Writhing Test: The study drugs were given orally by gavage 60 minutes before the start of the study. Acetic acid solution (0.6% v/v) 10 ml/kg was injected intraperitoneally, and abdominal constriction with stretching of the hind limbs defined as writhe was cumulatively counted over a period of 30 min just after acetic acid injection ¹¹. Antinociceptive activity was expressed as the percentage inhibition of abdominal constrictions between control animals and mice pre-treated (n=6) with the different test drugs using the ratio: (Control mean – Treated mean) × 100 / Control mean.

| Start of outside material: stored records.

lemma blk_up_mult_inv_col:
  assumes ur: "ur \<in> carrier_mat r r" and Y: "Y \<in> carrier_mat r r" and k: "k \<le> r"
  shows "blk_up r ur (ur * Y) *\<^sub>v blk_up_inv_col r Y k = unit_vec (2*r+1) (r+k)"
proof (rule eq_vecI)
  fix x assume "x < dim_vec (unit_vec (2*r+1) (r+k))"
  then have x: "x < 2*r+1" by simp
  let ?B = "blk_up r ur (ur * Y)" and ?z = "blk_up_inv_col r Y k"
  have "(?B *\<^sub>v ?z) $ x = row ?B x \<bullet> ?z" using x by simp
  also have "\<dots> = (\<Sum>c\<in>{0..<2*r+1}. ?B $$ (x,c) * ?z $ c)"
    unfolding scalar_prod_def using x by (intro sum.cong) auto
  also have "\<dots> = (\<Sum>c\<in>{0..<r}. ?B $$ (x,c) * ?z $ c) + ?B $$ (x,r) * ?z $ r
                  + (\<Sum>c\<in>{0..<r}. ?B $$ (x,r+1+c) * ?z $ (r+1+c))"
    by (rule sum_split_middle)
  also have "\<dots> = unit_vec (2*r+1) (r+k) $ x"
  proof (cases "x < r")
    case True
    have "(\<Sum>c\<in>{0..<r}. ?B $$ (x,c) * ?z $ c)
        = - (if 0 < k then (\<Sum>c\<in>{0..<r}. ur $$ (x,c) * Y $$ (c, k - 1)) else 0)"
      using True k by (auto simp: index_blk_up index_blk_up_inv_col sum_negf intro!: sum.cong)
    moreover have "(\<Sum>c\<in>{0..<r}. ?B $$ (x,r+1+c) * ?z $ (r+1+c))
        = (\<Sum>c\<in>{0..<r}. if c = k - 1 then (if 0 < k then (ur * Y) $$ (x, k - 1) else 0) else 0)"
      using True k by (intro sum.cong) (auto simp: index_blk_up index_blk_up_inv_col)
    moreover have "0 < k \<Longrightarrow> (ur * Y) $$ (x, k - 1) = (\<Sum>c\<in>{0..<r}. ur $$ (x,c) * Y $$ (c, k - 1))"
      using True k by (intro index_mult_mat_sum[OF ur Y]) auto
    ultimately show ?thesis using True k by (simp add: index_blk_up sum.delta)
  next
    case False
    then have "(\<Sum>c\<in>{0..<r}. ?B $$ (x,c) * ?z $ c) = 0"
      using x by (intro sum.neutral) (auto simp: index_blk_up)
    moreover have "(\<Sum>c\<in>{0..<r}. ?B $$ (x,r+1+c) * ?z $ (r+1+c))
        = (\<Sum>c\<in>{0..<r}. if r < x \<and> c = x - r - 1 then ?z $ x else 0)"
      using False x by (intro sum.cong) (auto simp: index_blk_up)
    moreover have "?z $ x = (if x = r + k then 1 else 0)" using False x by (simp add: index_blk_up_inv_col)
    ultimately show ?thesis using False x k by (auto simp: index_blk_up sum.delta)
  qed
  finally show "(?B *\<^sub>v ?z) $ x = unit_vec (2*r+1) (r+k) $ x" .
qed simp

lemma gelt_mult_inv_col:
  assumes ur: "ur \<in> carrier_mat r r" and Y: "Y \<in> carrier_mat r r" and k: "k \<le> r" and ak: "a k \<noteq> 0"
  shows "gelt r a b ur Y *\<^sub>v ((1 / a k) \<cdot>\<^sub>v blk_up_inv_col r Y k) = unit_vec (2*r+1) k"
proof -
  let ?H = "antidiag_torus r a b" and ?B = "blk_up r ur (ur * Y)" and ?z = "blk_up_inv_col r Y k"
  have "gelt r a b ur Y *\<^sub>v ((1 / a k) \<cdot>\<^sub>v ?z) = ?H *\<^sub>v (?B *\<^sub>v ((1 / a k) \<cdot>\<^sub>v ?z))"
    unfolding gelt_def
    by (rule assoc_mult_mat_vec[OF antidiag_torus_carrier blk_up_carrier]) (simp add: blk_up_inv_col_def)
  also have "?B *\<^sub>v ((1 / a k) \<cdot>\<^sub>v ?z) = (1 / a k) \<cdot>\<^sub>v unit_vec (2*r+1) (r+k)"
    unfolding mult_mat_vec[OF blk_up_carrier blk_up_inv_col_carrier] blk_up_mult_inv_col[OF ur Y k] ..
  also have "?H *\<^sub>v \<dots> = (1 / a k) \<cdot>\<^sub>v (a k \<cdot>\<^sub>v unit_vec (2*r+1) k)"
    unfolding mult_mat_vec[OF antidiag_torus_carrier unit_vec_carrier] antidiag_torus_mult_unit_vec[OF k] ..
  also have "\<dots> = unit_vec (2*r+1) k" using ak by (simp add: smult_smult_assoc)
  finally show ?thesis .
qed

lemma gelt_left_inverse_entry:
  assumes ur: "ur \<in> carrier_mat r r" and Y: "Y \<in> carrier_mat r r"
    and gi: "gi \<in> carrier_mat (2*r+1) (2*r+1)" and inv: "gi * gelt r a b ur Y = 1\<^sub>m (2*r+1)"
    and q: "q < 2*r+1" and k: "k \<le> r" and ak: "a k \<noteq> 0"
  shows "gi $$ (q,k) = blk_up_inv_col r Y k $ q / a k"
  using left_inverse_entry[OF gelt_carrier gi inv _
      gelt_mult_inv_col[OF ur Y k, where a = a and b = b, OF ak] q] k q
  by (simp add: blk_up_inv_col_def)

definition zero_first_cols :: "nat \<Rightarrow> 'a::zero mat \<Rightarrow> 'a mat" where
  "zero_first_cols j Y = mat (dim_row Y) (dim_col Y) (\<lambda>(i,l). if l < j then 0 else Y $$ (i,l))"

lemma zero_first_cols_carrier [simp]: "Y \<in> carrier_mat r r \<Longrightarrow> zero_first_cols j Y \<in> carrier_mat r r"
  by (simp add: zero_first_cols_def)

lemma index_zero_first_cols:
  "Y \<in> carrier_mat r r \<Longrightarrow> i < r \<Longrightarrow> l < r \<Longrightarrow>
   zero_first_cols j Y $$ (i,l) = (if l < j then 0 else Y $$ (i,l))"
  by (simp add: zero_first_cols_def)

lemma zero_first_cols_0: "Y \<in> carrier_mat r r \<Longrightarrow> zero_first_cols 0 Y = Y"
  by (intro eq_matI) (auto simp: zero_first_cols_def)

lemma zero_first_cols_all: "Y \<in> carrier_mat r r \<Longrightarrow> zero_first_cols r Y = 0\<^sub>m r r"
  by (intro eq_matI) (auto simp: zero_first_cols_def)

lemma zero_first_cols_Suc:
  fixes Y :: "'a::monoid_add mat"
  assumes "Y \<in> carrier_mat r r"
  shows "zero_first_cols j Y
       = zero_first_cols (Suc j) Y + mat r r (\<lambda>(i,l). if l = j then Y $$ (i,j) else 0)"
  using assms by (intro eq_matI) (auto simp: zero_first_cols_def)

lemma gelt_zero_first_cols_col:
  assumes ur: "ur \<in> carrier_mat r r" and Y: "Y \<in> carrier_mat r r" and j: "j < r" and x: "x < 2*r+1"
  shows "gelt r a b ur (zero_first_cols j Y) $$ (x, r + j) = (if x = j then a j else 0)"
proof (cases "x \<le> r")
  case True
  then show ?thesis using x j by (auto simp: index_gelt)
next
  case False
  then have i: "2*r - x < r" using x by auto
  have "blk_up r ur (ur * zero_first_cols j Y) $$ (2*r-x, r+j) = 0"
  proof (cases "j = 0")
    case True
    then show ?thesis using i by (simp add: index_blk_up)
  next
    case False
    have "(ur * zero_first_cols j Y) $$ (2*r-x, j - 1)
        = (\<Sum>c\<in>{0..<r}. ur $$ (2*r-x, c) * zero_first_cols j Y $$ (c, j - 1))"
      using j by (intro index_mult_mat_sum[OF ur zero_first_cols_carrier[OF Y] i]) auto
    also have "\<dots> = 0" using False j Y by (intro sum.neutral) (auto simp: index_zero_first_cols)
    finally show ?thesis using i False j by (simp add: index_blk_up)
  qed
  then show ?thesis using False x j by (simp add: index_gelt)
qed

lemma gelt_zero_first_cols_conj_addrow_mat:
  fixes Y :: "'a::field mat"
  assumes ur: "ur \<in> carrier_mat r r" and Y: "Y \<in> carrier_mat r r" and j: "j < r"
    and gi: "gi \<in> carrier_mat (2*r+1) (2*r+1)"
    and inv: "gi * gelt r a b ur (zero_first_cols j Y) = 1\<^sub>m (2*r+1)" and q: "q < 2*r+1"
  shows "row_unipotent (2*r+1) j (\<lambda>y. t * a j * gi $$ (q,y)) * gelt r a b ur (zero_first_cols j Y)
       = gelt r a b ur (zero_first_cols j Y) * addrow_mat (2*r+1) t (r+j) q"
proof -
  let ?g = "gelt r a b ur (zero_first_cols j Y)"
  have "row_unipotent (2*r+1) j (\<lambda>y. t * a j * gi $$ (q,y))
      = mat (2*r+1) (2*r+1) (\<lambda>(x,y). (if x = y then 1 else 0) + t * ?g $$ (x, r+j) * gi $$ (q,y))"
    using gelt_zero_first_cols_col[OF ur Y j] by (intro eq_matI) (auto simp: row_unipotent_def)
  then show ?thesis
    using rank_one_mult_eq_mult_addrow_mat[OF gelt_carrier gi inv _ q] j by simp
qed

lemma gelt_conj_addrow_mat:
  fixes Y :: "'a::field mat"
  assumes ur: "ur \<in> carrier_mat r r" and Y: "Y \<in> carrier_mat r r" and j: "j < r"
    and a: "\<forall>i\<le>r. a i \<noteq> 0" and GL: "gelt r a b ur (zero_first_cols j Y) \<in> GL (2*r+1)"
    and q: "q < r \<or> q = r + j + 1"
  obtains N where "N \<in> upper_uni (2*r+1)"
    "psiN \<psi> (2*r+1) N = \<psi> (t * (a j / a (Suc j)) * blk_up_inv_col r (zero_first_cols j Y) (Suc j) $ q)"
    "N * gelt r a b ur (zero_first_cols j Y) = gelt r a b ur (zero_first_cols j Y) * addrow_mat (2*r+1) t (r+j) q"
proof -
  obtain gi where gi: "gi \<in> carrier_mat (2*r+1) (2*r+1)"
    and inv: "gi * gelt r a b ur (zero_first_cols j Y) = 1\<^sub>m (2*r+1)"
    using GL_left_inverse[OF GL] by blast
  have gi_entry: "gi $$ (q,y) = blk_up_inv_col r (zero_first_cols j Y) y $ q / a y" if "y \<le> r" for y
    using gelt_left_inverse_entry[OF ur _ gi inv _ that] a q j that Y by auto
  define f where "f y = t * a j * gi $$ (q,y)" for y
  have "\<forall>y\<le>j. f y = 0"
    using q j Y by (auto simp: f_def gi_entry index_blk_up_inv_col index_zero_first_cols)
  then have "row_unipotent (2*r+1) j f \<in> upper_uni (2*r+1)" by (rule row_unipotent_upper_uni)
  moreover have "psiN \<psi> (2*r+1) (row_unipotent (2*r+1) j f)
      = \<psi> (t * (a j / a (Suc j)) * blk_up_inv_col r (zero_first_cols j Y) (Suc j) $ q)"
    using j by (simp add: psiN_row_unipotent f_def gi_entry)
  moreover have "row_unipotent (2*r+1) j f * gelt r a b ur (zero_first_cols j Y)
      = gelt r a b ur (zero_first_cols j Y) * addrow_mat (2*r+1) t (r+j) q"
    unfolding f_def using q j by (intro gelt_zero_first_cols_conj_addrow_mat[OF ur Y j gi inv]) auto
  ultimately show ?thesis using that by blast
qed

Hot Plate Test: Fasted animals were placed individually on a hot plate maintained at a temperature of 55 ± 0.5 ºC. The latency to lick the paw or jumping was considered as the reaction time. The cut-off time was set at 20 sec to avoid damage to the skin ¹². Paw licking or jumping responses were recorded in all groups at 6^th and 7^th h, respectively. Only groups II, V, and VI were administered rescue paracetamol after recording analgesic activity at 6^th h.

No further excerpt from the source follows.